Ao refletir sobre a «difusão da devoção ao Coração de Cristo», o Papa Francisco entra pela porta do lado trespassado como expressão de uma geografia da eternidade «onde reside o amor de Cristo» (DN 109), lido como berço da vida e da graça. Assistimos assim a um progressivo desenhar das feições do coração, diz o Papa, «sobretudo na vida monástica» (DN 109), onde se operou um fenómeno de concentração simbólica no órgão físico, que lhe tolheu o sentido corpóreo e coincidiu com um aprofundamento teológico e espiritual da via contemplativa. Contudo, devemos ter a consciência de que este traçar da geometria do «culto ao Coração de Cristo não se manifestou de modo igual» (DN 109).

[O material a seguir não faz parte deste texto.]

(* For every $j\in\{0,\dots,m-1\}$ and every $k\ge1$, $$\mathcal L_\Delta^{k}(h_j)=\Big(\int_{\Omega_{j+k \bmod m}}\mathcal L_\Delta^{k}(\mathbf 1)\,d\nu_{j+k \bmod m}\Big)\,h_{j+k \bmod m}.$$
   Context: Let $\mathcal V=\{1,\dots,\ell\}$ and let $A$ be an irreducible aperiodic $\{0,1\}$-matrix. Let $\Sigma_A^+=\{x\in\mathcal V^{\mathbb N}: A(x_{i-1},x_i)=1\ \forall i\ge1\}$ with the shift $T(x)_n=x_{n+1}$. Potential. Let $\phi$ be a real Hölder continuous function, normalised so that $\mathcal L_\phi\mathbf 1=\mathbf 1$, where $(\mathcal L_\phi\psi)(x)=\sum_{Ty=x}e^{\phi(y)}\psi(y)$. Subsystem. Let $\Delta\subsetneq\mathcal V$ with $\Sigma_\Delta=\{x: x_i\in\Delta\ \forall i\}$, such that the restriction of $A$ to $\Delta\times\Delta$ is irreducible with period $m\ge2$. Let $\Delta=\Delta_0\cup\dots\cup\Delta_{m-1}$ be the cyclic decomposition into disjoint sets such that $i\in\Delta_s$, $i'\in\Delta_{s'}$ and $A(i,i')=1$ imply $s'\equiv s+1\pmod m$. Indices are taken mod $m$. Define $\Omega_j=\{x\in\Sigma_\Delta: x_0\in\Delta_j\}$. Let $P_\Delta$ be the pressure of $\phi|_{\Sigma_\Delta}$ with respect to $T|_{\Sigma_\Delta}$. Operators. Define $\mathcal L_\Delta\psi=\mathcal L_\phi(\psi\chi_\Delta)$, where $\chi_\Delta$ is the indicator of $\{x_0\in\Delta\}$. Write $S_m\phi=\sum_{i=0}^{m-1}\phi\circ T^i$, and define $(\mathcal L^{(m)}_j\psi)(x)=\sum e^{S_m\phi(y)}\psi(y)$ over $y$ with $T^my=x$ and $y_s\in\Delta_{j+s}$ for $0\le s\le m-1$. Functions $h_j$. Let $h_j=\lim_n e^{-nmP_\Delta}(\mathcal L^{(m)}_j)^n\mathbf 1$ (a uniform limit on $\Sigma_A^+$). Measures $\nu_j$. Let $\nu_j$ be the unique Borel probability supported on $\Omega_j$ with $\int\mathcal L^{(m)}_j\psi\,d\nu_j=e^{mP_\Delta}\int\psi\,d\nu_j$ for all continuous $\psi$. *)

theory Defs
  imports "HOL-Analysis.Analysis" "HOL-Probability.Probability_Measure"
begin
(* Under the hypotheses of the $O(\tau)$ convergence theorem, the limit curve $X:[0,\infty)\to\mathbb H$ of $\underline X_t^\tau$ is locally absolutely continuous in $\mathbb H$ and solves \[\dot X(t)=-\nabla\phi^{\#}_{\rho_0}(X(t))\ \text{ for a.e. }t\in(0,\infty),\qquad X(0)=\mathrm{Id},\] where $\dot X$ is the Fréchet (time) derivative of $X:[0,\infty)\to\mathbb H$.
   Context: Hypotheses of the $O(\tau)$ convergence theorem: the standing hypotheses (S) below hold for every $\tau$ in a family $\tau\downarrow0$ (and $|\lambda|\tau<1$ if $\lambda<0$), with $\lim_{\tau\downarrow0}\|X_0^\tau-\mathrm{Id}\|_{\mathbb H}=0$ and $\sup_\tau\|\nabla\phi^{\#}_{\rho_0}(X_0^\tau)\|_{\mathbb H}<\infty$; $\underline X_t^\tau:=X_n^\tau$ for $t\in[n\tau,(n+1)\tau)$, and $\underline X^\tau$ converges locally uniformly in $\mathbb H$ to a locally Lipschitz curve $X$. Standing hypotheses (S): $\rho_0\in\mathcal P_2(\mathbb R^d)$; $\mathbb H=L^2(\mathbb R^d;\rho_0)$ is the Hilbert space of $\rho_0$-square-integrable maps $\mathbb R^d\to\mathbb R^d$; $\phi:\mathcal P_2(\mathbb R^d)\to\mathbb R$ has lift $\phi^{\#}_{\rho_0}(\xi):=\phi(\xi_{\#}\rho_0)$ which is Fréchet differentiable on $\mathbb H$ (gradient $\nabla\phi^{\#}_{\rho_0}$), $\lambda$-convex on $\mathbb H$ for some $\lambda\in\mathbb R$, and $\inf_{\mathbb H}\phi^{\#}_{\rho_0}>-\infty$; $\tau>0$ satisfies $\lambda/2+1/\tau>0$. Scheme: $X_{n+1}^\tau$ is the unique minimizer over $\xi\in\mathbb H$ of $\tfrac12\phi^{\#}_{\rho_0}(\xi)+\tfrac12\langle\nabla\phi^{\#}_{\rho_0}(X_n^\tau),\xi\rangle_{\mathbb H}+\tfrac1{2\tau}\|\xi-X_n^\tau\|^2_{\mathbb H}$. *)

theory Defs
  imports "HOL-Probability.Probability"
begin

text \<open>Wasserstein space P_2(R^d): Borel probability measures with finite second moment.
  R^d is modelled by an arbitrary Euclidean space type 'a.\<close>
definition P2 :: "'a::euclidean_space measure \<Rightarrow> bool" where
  "P2 \<mu> \<longleftrightarrow> prob_space \<mu> \<and> sets \<mu> = sets borel \<and> integrable \<mu> (\<lambda>x. (norm x)\<^sup>2)"

text \<open>Elements of H = L^2(R^d; rho0) (maps R^d -> R^d, square integrable), represented by
  functions; the Hilbert structure (inner product, norm) is the L^2 one, so that
  rho0-a.e. equal maps are identified through the norm.\<close>
definition inH :: "'a::euclidean_space measure \<Rightarrow> ('a \<Rightarrow> 'a) \<Rightarrow> bool" where
  "inH \<rho> \<xi> \<longleftrightarrow> \<xi> \<in> borel_measurable \<rho> \<and> integrable \<rho> (\<lambda>x. (norm (\<xi> x))\<^sup>2)"

definition Hinner :: "'a::euclidean_space measure \<Rightarrow> ('a \<Rightarrow> 'a) \<Rightarrow> ('a \<Rightarrow> 'a) \<Rightarrow> real" where
  "Hinner \<rho> \<xi> \<eta> = (\<integral>x. \<xi> x \<bullet> \<eta> x \<partial>\<rho>)"

definition Hnorm :: "'a::euclidean_space measure \<Rightarrow> ('a \<Rightarrow> 'a) \<Rightarrow> real" where
  "Hnorm \<rho> \<xi> = sqrt (\<integral>x. (norm (\<xi> x))\<^sup>2 \<partial>\<rho>)"

definition lift :: "('a::euclidean_space measure \<Rightarrow> real) \<Rightarrow> 'a measure \<Rightarrow> ('a \<Rightarrow> 'a) \<Rightarrow> real" where
  "lift \<phi> \<rho> \<xi> = \<phi> (distr \<rho> borel \<xi>)"

definition H_gradient :: "'a::euclidean_space measure \<Rightarrow> (('a \<Rightarrow> 'a) \<Rightarrow> real) \<Rightarrow> (('a \<Rightarrow> 'a) \<Rightarrow> ('a \<Rightarrow> 'a)) \<Rightarrow> bool" where
  "H_gradient \<rho> F G \<longleftrightarrow> (\<forall>\<xi>. inH \<rho> \<xi> \<longrightarrow> inH \<rho> (G \<xi>) \<and>
     (\<forall>\<epsilon>>0. \<exists>\<delta>>0. \<forall>\<eta>. inH \<rho> \<eta> \<and> Hnorm \<rho> (\<lambda>x. \<eta> x - \<xi> x) < \<delta> \<longrightarrow>
        \<bar>F \<eta> - F \<xi> - Hinner \<rho> (G \<xi>) (\<lambda>x. \<eta> x - \<xi> x)\<bar> \<le> \<epsilon> * Hnorm \<rho> (\<lambda>x. \<eta> x - \<xi> x)))"

definition H_lambda_convex :: "'a::euclidean_space measure \<Rightarrow> real \<Rightarrow> (('a \<Rightarrow> 'a) \<Rightarrow> real) \<Rightarrow> bool" where
  "H_lambda_convex \<rho> lam F \<longleftrightarrow> (\<forall>\<xi> \<eta> s. inH \<rho> \<xi> \<and> inH \<rho> \<eta> \<and> 0 \<le> s \<and> s \<le> 1 \<longrightarrow>
     F (\<lambda>x. (1 - s) *\<^sub>R \<xi> x + s *\<^sub>R \<eta> x)
       \<le> (1 - s) * F \<xi> + s * F \<eta> - lam / 2 * s * (1 - s) * (Hnorm \<rho> (\<lambda>x. \<xi> x - \<eta> x))\<^sup>2)"

definition scheme_fun :: "'a::euclidean_space measure \<Rightarrow> (('a \<Rightarrow> 'a) \<Rightarrow> real) \<Rightarrow> (('a \<Rightarrow> 'a) \<Rightarrow> ('a \<Rightarrow> 'a))
     \<Rightarrow> real \<Rightarrow> ('a \<Rightarrow> 'a) \<Rightarrow> ('a \<Rightarrow> 'a) \<Rightarrow> real" where
  "scheme_fun \<rho> F G \<tau> Xn \<xi> = F \<xi> / 2 + Hinner \<rho> (G Xn) \<xi> / 2 + (Hnorm \<rho> (\<lambda>x. \<xi> x - Xn x))\<^sup>2 / (2 * \<tau>)"

definition is_scheme :: "'a::euclidean_space measure \<Rightarrow> (('a \<Rightarrow> 'a) \<Rightarrow> real) \<Rightarrow> (('a \<Rightarrow> 'a) \<Rightarrow> ('a \<Rightarrow> 'a))
     \<Rightarrow> real \<Rightarrow> (nat \<Rightarrow> 'a \<Rightarrow> 'a) \<Rightarrow> bool" where
  "is_scheme \<rho> F G \<tau> X \<longleftrightarrow> (\<forall>n. inH \<rho> (X n)) \<and>
     (\<forall>n. \<forall>\<xi>. inH \<rho> \<xi> \<longrightarrow> scheme_fun \<rho> F G \<tau> (X n) (X (Suc n)) \<le> scheme_fun \<rho> F G \<tau> (X n) \<xi>)"

definition interp :: "real \<Rightarrow> (nat \<Rightarrow> 'b) \<Rightarrow> real \<Rightarrow> 'b" where
  "interp \<tau> X t = X (nat \<lfloor>t / \<tau>\<rfloor>)"

definition H_loc_abs_cont :: "'a::euclidean_space measure \<Rightarrow> (real \<Rightarrow> 'a \<Rightarrow> 'a) \<Rightarrow> bool" where
  "H_loc_abs_cont \<rho> X \<longleftrightarrow> (\<forall>T\<ge>0. \<forall>\<epsilon>>0. \<exists>\<delta>>0. \<forall>(n::nat) a b.
     (\<forall>i<n. 0 \<le> a i \<and> a i \<le> b i \<and> b i \<le> T) \<and>
     (\<forall>i<n. \<forall>j<n. i \<noteq> j \<longrightarrow> b i \<le> a j \<or> b j \<le> a i) \<and>
     (\<Sum>i<n. b i - a i) < \<delta> \<longrightarrow>
     (\<Sum>i<n. Hnorm \<rho> (\<lambda>x. X (b i) x - X (a i) x)) < \<epsilon>)"

end

theory Submission
  imports Defs
begin

text \<open>
  Minimality of \<open>X\<^sub>n\<^sub>+\<^sub>1\<close> gives the Euler--Lagrange equation
  \<open>X\<^sub>n\<^sub>+\<^sub>1 - X\<^sub>n = -\<tau>/2 (\<nabla>\<phi>(X\<^sub>n\<^sub>+\<^sub>1) + \<nabla>\<phi>(X\<^sub>n))\<close> in \<open>H\<close>.
  A Frechet differentiable \<open>\<lambda>\<close>-convex functional has a continuous gradient, so near a time
  \<open>t > 0\<close> all gradients along the scheme are close to \<open>\<nabla>\<phi>(X(t))\<close>. Summing the
  Euler--Lagrange equations over the grid points between \<open>a\<close> and \<open>b\<close> and letting
  \<open>\<tau> \<rightarrow> 0\<close> yields \<open>\<parallel>X(b) - X(a) + (b - a) \<nabla>\<phi>(X(t))\<parallel> = o(b - a)\<close> for \<open>a \<le> b\<close> near \<open>t\<close>,
  i.e. \<open>X\<close> is differentiable at every \<open>t > 0\<close> with derivative \<open>-\<nabla>\<phi>(X(t))\<close>.
  Absolute continuity follows from the local Lipschitz bound, and \<open>X(0) = Id\<close> from the
  convergence of the initial data.
\<close>

section \<open>The Hilbert space \<open>L\<^sup>2(\<rho>)\<close>\<close>

lemma inH_add [simp]:
  assumes "inH \<rho> f" "inH \<rho> g"
  shows "inH \<rho> (\<lambda>x. f x + g x)"
proof -
  have meas: "(\<lambda>x. f x + g x) \<in> borel_measurable \<rho>"
    using assms unfolding inH_def by (blast intro: borel_measurable_add)
  have "(norm (f x + g x))\<^sup>2 \<le> 2 * (norm (f x))\<^sup>2 + 2 * (norm (g x))\<^sup>2" for x
  proof -
    have "(norm (f x + g x))\<^sup>2 \<le> (norm (f x) + norm (g x))\<^sup>2"
      using norm_triangle_ineq[of "f x" "g x"] by (rule power_mono) simp
    also have "\<dots> \<le> 2 * (norm (f x))\<^sup>2 + 2 * (norm (g x))\<^sup>2"
      unfolding power2_sum using sum_squares_bound[of "norm (f x)" "norm (g x)"] by linarith
    finally show ?thesis .
  qed
  then have bound: "AE x in \<rho>. norm ((norm (f x + g x))\<^sup>2) \<le> norm (2 * (norm (f x))\<^sup>2 + 2 * (norm (g x))\<^sup>2)"
    by simp
  have "integrable \<rho> (\<lambda>x. 2 * (norm (f x))\<^sup>2 + 2 * (norm (g x))\<^sup>2)"
    using assms unfolding inH_def by simp
  moreover have "(\<lambda>x. (norm (f x + g x))\<^sup>2) \<in> borel_measurable \<rho>"
    using meas by measurable
  ultimately have "integrable \<rho> (\<lambda>x. (norm (f x + g x))\<^sup>2)"
    using bound by (rule Bochner_Integration.integrable_bound)
  with meas show ?thesis
    by (simp add: inH_def)
qed

lemma inH_scaleR [simp]:
  assumes "inH \<rho> f"
  shows "inH \<rho> (\<lambda>x. c *\<^sub>R f x)"
  using assms unfolding inH_def by (auto simp: power_mult_distrib intro: borel_measurable_scaleR)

Visto tratar-se de uma devoção e culto dinâmicos que vão buscar à raiz bíblica todo o seu núcleo, faz com que tudo o resto sejam matizes, isto é, traços mais ou menos pessoais de uma relação ao mistério e à pessoa de Jesus, que se mantém abertos e prontos para o diálogo entre si. Nesta linha, é minha convicção de que estejamos diante de uma devoção polissémica, que assenta num relato polifónico de um encontro que se quer próximo, pessoal e singular do crente com Jesus-Amor (cf. DN 109). Aqui chegados, parece ser necessário identificar qual o objetivo para os trabalhos de aprofundamento da fé, esperança e amor que esta devoção continua a inspirar. O Papa evidencia, no final do número 109, que o desafio para estes tempos é clarificar, indo às origens bíblicas e da Tradição, para melhor cultuar. Este será o objeto de estudo nos números seguintes.